We mostly associate grief with death, but grief has a significantly greater meaning. The daily life of all children without parental care is connected with loss and grief because their own parents have abandoned them; often the child has also changed schools or their place of residence. The way in which an adult can support a child in his loss was the topic of the two-day training conducted at the end of April, in Pärnu, by play therapist Emma Baxter, from England, and psychotherapist Sirli Kivisaar, from Estonia.

People who work with abandoned children on a daily basis have discovered that grief is a natural process that cannot be stopped or ended, and children of different ages perceive death differently. If for a 5-year-old death is temporary and children up to 10 years of age do not believe that death could happen to them, then from the age of 10 children start to comprehend their own mortality. Young teenagers may feel ashamed if they feel different from others because of losing a close person.

A child’s grief phases can be divided into three: protest, pain, and hope. In the first phase, the child acts as if nothing has happened, he may seem cold and uncaring. In the second, the pain phase, most children display symptoms of emotional pain, and the feeling of anger is also common. It is healthy to feel anger; it does not have to be suppressed; although the expressions of anger may be harmful. According to the trainers, the aforementioned three phases may not occur in exactly the same order, but they may occur until hope becomes the main feature.

A child loses interest in daily activities and events, experiences sleep disorders and loss of appetite, fear of being alone — these are only a few of the symptoms of a child’s grief. A child may imitate the dead person or talk about wanting to join him; the child may distance himself from friends and his learning success may decrease. Over a longer period, the child may not behave according to his age and may act like a significantly younger child would.

For a grieving child, play can be a powerful healer.

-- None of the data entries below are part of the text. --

(* Let $k\ge2$, $\exp_k(x)=\sum_{T\in\mathbb P}\alpha_Tx^T$, and $\lambda\in\mathbb C$. Then the expansion of $\exp_k(x)$ around $\lambda$ is $e^{\lambda}\exp_k(x-\lambda)$; that is, for every $T\in\mathbb P$, $$\sum_{U\in\mathbb P}\alpha_U\,(U/T)\,\lambda^{\deg(U)-\deg(T)}=e^{\lambda}\alpha_T .$$ (Informally: $\exp_k(\lambda+x)=e^\lambda\exp_k(x)$.)
   Context: Let $\mathbb P$ denote the set of finite planar reduced rooted trees (children of each vertex linearly ordered, no vertex with exactly one child), including the empty tree $\mathbf 1$ and the one-vertex tree $|$; $\deg(T)$ is the number of leaves, $L(T)$ the set of leaves. The algebra $\mathbb C\{x\}_{\mathbb P}$ has basis $\{x^T\}$, $x^{\mathbf 1}=1$, $x^|=x$, with $k$-linear operations $\omega_k$ ($k\ge2$), $\omega_k(x^{T_1},\dots,x^{T_k})=x^T$ where $T$ is obtained by attaching the nonempty $T_i$ in order as subtrees of the children of a new root (if exactly one is nonempty, $T$ is that one; if none, $T=\mathbf 1$). $\mathbb C\{\{x\}\}_{\mathbb P}$ is the algebra of formal series $\sum_T\gamma_Tx^T$. For $f=\sum\gamma_Tx^T$ and $c\in\mathbb C$, $f(cx)=\sum\gamma_Tc^{\deg T}x^T$. The $k$-ary exponential series $\exp_k(x)$ is the unique $f\in\mathbb C\{\{x\}\}_{\mathbb P}$ with $f=1+x+(\text{terms of degree}\ge2)$ and $\omega_k(f,\dots,f)=f(kx)$; it has infinite radius of convergence. Contraction $S|I$ for $I\subseteq L(S)$: the tree obtained from the subtree of $S$ spanned by the root-to-leaf paths to leaves in $I$ by suppressing all vertices with exactly one child; planar binomial coefficient $(S/T)=\#\{I\subseteq L(S):S|I=T\}$. The expansion of $f=\sum_U\gamma_Ux^U$ around $\lambda$ is $\sum_T\big(\sum_U\gamma_U(U/T)\lambda^{\deg U-\deg T}\big)(x-\lambda)^T$. *)

theory Defs
  imports "HOL-Analysis.Analysis"
begin

text \<open>A tree in the set P is an element of type rtree option, where None is the empty tree 1
  and Some Lf is the one-vertex tree.\<close>

datatype rtree = Lf | Nd "rtree list"

primrec reduced :: "rtree \<Rightarrow> bool" where
  "reduced Lf = True"
| "reduced (Nd ts) = (2 \<le> length ts \<and> list_all reduced ts)"

definition inP :: "rtree option \<Rightarrow> bool" where
  "inP T = (case T of None \<Rightarrow> True | Some t \<Rightarrow> reduced t)"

According to play therapist Emma Baxter, the power of play increases even more if someone — a loving parent, carer, or therapist — leads that play without being judgmental. The benefits of play are strengthened interconnection as well as the activation of mutual communication; the awareness of the child’s feelings also increases and the sense of security is enhanced. Excessive talking and rushing should be refrained from; direct questions and interpretation should also be avoided.
In the feedback, many people who participated in the training wrote that they considered grief to be only the loss of a loved one. After the training, they realised that grief is not only connected with the death of a loved one and that the biggest loss for a child is divorce. The staff of shelters and substitute homes recognised also the fact that during routine activities they unfortunately forget that they are raising grieving children who need special care. But there were also those who came to the training knowing that each loss is, to some extent, equal to living through the grief process, and who thus were already before the training motivated to become more aware about this subject.

The employees of substitute homes and shelters also pointed out that it is important to support the child during his moments of crisis; but first of all the staff member has to understand his own feelings and emotions about grief and loss, only then can he help the child in the best possible way.